* WHAT IS EXPECTED *
Note each line of the listing that contains the string "then", and copy it.

* RECORDS TO PROCESS *
lemma nv_1_minus_q_powi_le: "nv (1 - q powi z) \<le> nv (1 - q)"
proof (cases "z \<ge> 0")
  case True
  then show ?thesis
    using nv_1_minus_q_power_le[of "nat z"] by (simp add: power_int_def)
next
  case False
  define u where "u = q ^ nat (- z)"
  have "u \<noteq> 0"
    unfolding u_def using q_neq_0 by simp
  have "1 - q powi z = (u - 1) * inverse u"
    using False \<open>u \<noteq> 0\<close> unfolding u_def by (simp add: power_int_def power_inverse field_simps)
  then have "nv (1 - q powi z) = nv (1 - u)"
    using nv_diff_commute[of u 1] by (simp add: nv_mult nv_inverse u_def)
  then show ?thesis
    using nv_1_minus_q_power_le unfolding u_def by simp
qed

lemma nv_qnum_le_1: "nv (qnum q z) \<le> 1"
  unfolding qnum_def using nv_1_minus_q_powi_le[of z] nv_1_minus_q_pos by (simp add: nv_divide)

lemma nv_qBernstein_minus_truncation_le:
  assumes "k \<le> n"
  shows "nv (qBernstein k n x q - (\<Sum>j=k..n. \<Sum>m<M. euler_coeff q k n j m * qnum q x ^ (m + j)))
    \<le> nv (1 - q) ^ M"
proof -
  define X where "X = qnum q x"
  define t where "t = (1 - q) * X"
  define d where "d j = of_nat (j choose k) * of_nat (n choose j) * X ^ j * (- q) ^ (j - k)" for j
  have nv_t: "nv t \<le> nv (1 - q)"
    using nv_1_minus_q_powi_le[of x] q_neq_1 unfolding t_def X_def by (simp add: one_minus_powi_eq_qnum)
  have nv_d: "nv (d j) \<le> 1" for j
    unfolding d_def using nv_of_nat_le_1 nv_qnum_le_1 nv_nonneg
    by (simp add: nv_mult X_def mult_le_one power_le_one)
  have powi: "q powi x = 1 - t"
    unfolding t_def X_def one_minus_powi_eq_qnum[OF q_neq_1, symmetric] by simp
  have "qBernstein k n x q - (\<Sum>j=k..n. \<Sum>m<M. euler_coeff q k n j m * X ^ (m + j))
      = (\<Sum>j=k..n. d j * (inverse ((1 - t) ^ (j - k)) - neg_binomial_sum t (j - k) M))"
    unfolding qBernstein_expand[OF assms q_neq_0 q_neq_1] sum_euler_coeff sum_subtractf[symmetric]
      X_def[symmetric] t_def[symmetric] powi
    by (intro sum.cong) (simp_all add: d_def power_inverse right_diff_distrib mult_ac)
  also have "nv \<dots> \<le> nv t ^ M"
  proof (rule nv_sum_le)
    fix j
    have "nv (inverse ((1 - t) ^ (j - k)) - neg_binomial_sum t (j - k) M) \<le> nv t ^ M"
      using nv_inverse_power_minus_neg_binomial_sum nv_t nv_1_minus_q_less_1 by simp
    then show "nv (d j * (inverse ((1 - t) ^ (j - k)) - neg_binomial_sum t (j - k) M)) \<le> nv t ^ M"
      using nv_d[of j] nv_nonneg by (simp add: nv_mult mult_le_one) (metis mult_left_le_one_le order_trans)
  qed (simp add: nv_nonneg)
  also have "\<dots> \<le> nv (1 - q) ^ M"
    using nv_t nv_nonneg by (simp add: power_mono)
  finally show ?thesis
    unfolding X_def .
qed

end

section \<open>Fermionic Riemann sums\<close>

definition fermionic_sum :: "nat \<Rightarrow> (int \<Rightarrow> 'a::field) \<Rightarrow> nat \<Rightarrow> 'a" where
  "fermionic_sum p f K = (\<Sum>x<p ^ K. f (int x) * (-1) ^ x)"

lemma fermionic_int_eq_av_lim: "fermionic_int p nv f = av_lim nv (fermionic_sum p f)"
  unfolding fermionic_int_def fermionic_sum_def ..

lemma fermionic_sum_sum:
  "fermionic_sum p (\<lambda>x. \<Sum>i\<in>A. f i x) K = (\<Sum>i\<in>A. fermionic_sum p (f i) K)"
  unfolding fermionic_sum_def sum_distrib_right by (rule sum.swap)

lemma fermionic_sum_mult_left: "fermionic_sum p (\<lambda>x. c * f x) K = c * fermionic_sum p f K"
  unfolding fermionic_sum_def sum_distrib_left by (simp add: mult_ac)

lemma fermionic_sum_diff:
  "fermionic_sum p (\<lambda>x. f x - g x) K = fermionic_sum p f K - fermionic_sum p g K"
  unfolding fermionic_sum_def by (simp add: left_diff_distrib sum_subtractf)

lemma sum_lessThan_mult:
  fixes g :: "nat \<Rightarrow> 'a::comm_monoid_add"
  shows "(\<Sum>x<a * b. g x) = (\<Sum>i<b. \<Sum>y<a. g (a * i + y))"
  using sum.nat_group[of "\<lambda>x. g x" a b, symmetric]
  by (simp add: sum.atLeastLessThan_shift_0[of _ "_ * a"] atLeast0LessThan mult.commute add.commute)

lemma sum_alternating_odd: "odd p \<Longrightarrow> (\<Sum>i<p. (-1::'a::comm_ring_1) ^ i) = 1"
proof -
  have pairs: "(\<Sum>i<2 * r. (-1::'a) ^ i) = 0" for r
    by (induction r) (simp_all add: power_add)
  assume "odd p"
  then obtain r where "p = 2 * r + 1"
    by (metis oddE)
  then show ?thesis
    using pairs[of r] by simp
qed

text \<open>Splitting x < p^(K+1) as x = y + p^K i with y < p^K and i < p: since p is odd,
  (-1)^x = (-1)^y (-1)^i and the alternating sum over i of a constant returns that constant.\<close>

lemma fermionic_sum_Suc_diff:
  assumes "odd p"
  shows "fermionic_sum p f (Suc K) - fermionic_sum p f K
    = (\<Sum>y<p ^ K. (-1) ^ y * (\<Sum>i<p. (-1) ^ i * (f (int y + int (p ^ K * i)) - f (int y))))"
proof -
  define a where "a = p ^ K"
  have "odd a"
    unfolding a_def using assms by simp
  then have sign: "(-1::'a) ^ (a * i + y) = (-1) ^ i * (-1) ^ y" for i y
    by (simp add: power_add power_mult)
  have "fermionic_sum p f (Suc K) = (\<Sum>i<p. \<Sum>y<a. f (int (a * i + y)) * (-1) ^ (a * i + y))"
    unfolding fermionic_sum_def a_def power_Suc2 by (rule sum_lessThan_mult)
  also have "\<dots> = (\<Sum>y<a. (-1) ^ y * (\<Sum>i<p. (-1) ^ i * f (int y + int (a * i))))"
    unfolding sign sum_distrib_left by (subst sum.swap) (simp add: mult_ac add_ac)
  finally have "fermionic_sum p f (Suc K) = \<dots>" .
  moreover have "(\<Sum>i<p. (-1) ^ i * c) = c" for c :: 'a
    by (simp add: sum_distrib_right[symmetric] sum_alternating_odd[OF assms])
  then have "fermionic_sum p f K = (\<Sum>y<a. (-1) ^ y * (\<Sum>i<p. (-1) ^ i * f (int y)))"
    unfolding fermionic_sum_def a_def by (simp add: mult.commute)
  ultimately show ?thesis
    unfolding a_def by (simp add: sum_subtractf[symmetric] right_diff_distrib[symmetric])
qed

* RESPONSE AREA *
  then show ?thesis
  then have "nv (1 - q powi z) = nv (1 - u)"
  then show ?thesis
    then show "nv (d j * (inverse ((1 - t) ^ (j - k)) - neg_binomial_sum t (j - k) M)) \<le> nv t ^ M"
  then obtain r where "p = 2 * r + 1"
  then show ?thesis
  then have sign: "(-1::'a) ^ (a * i + y) = (-1) ^ i * (-1) ^ y" for i y
  then have "fermionic_sum p f K = (\<Sum>y<a. (-1) ^ y * (\<Sum>i<p. (-1) ^ i * f (int y)))"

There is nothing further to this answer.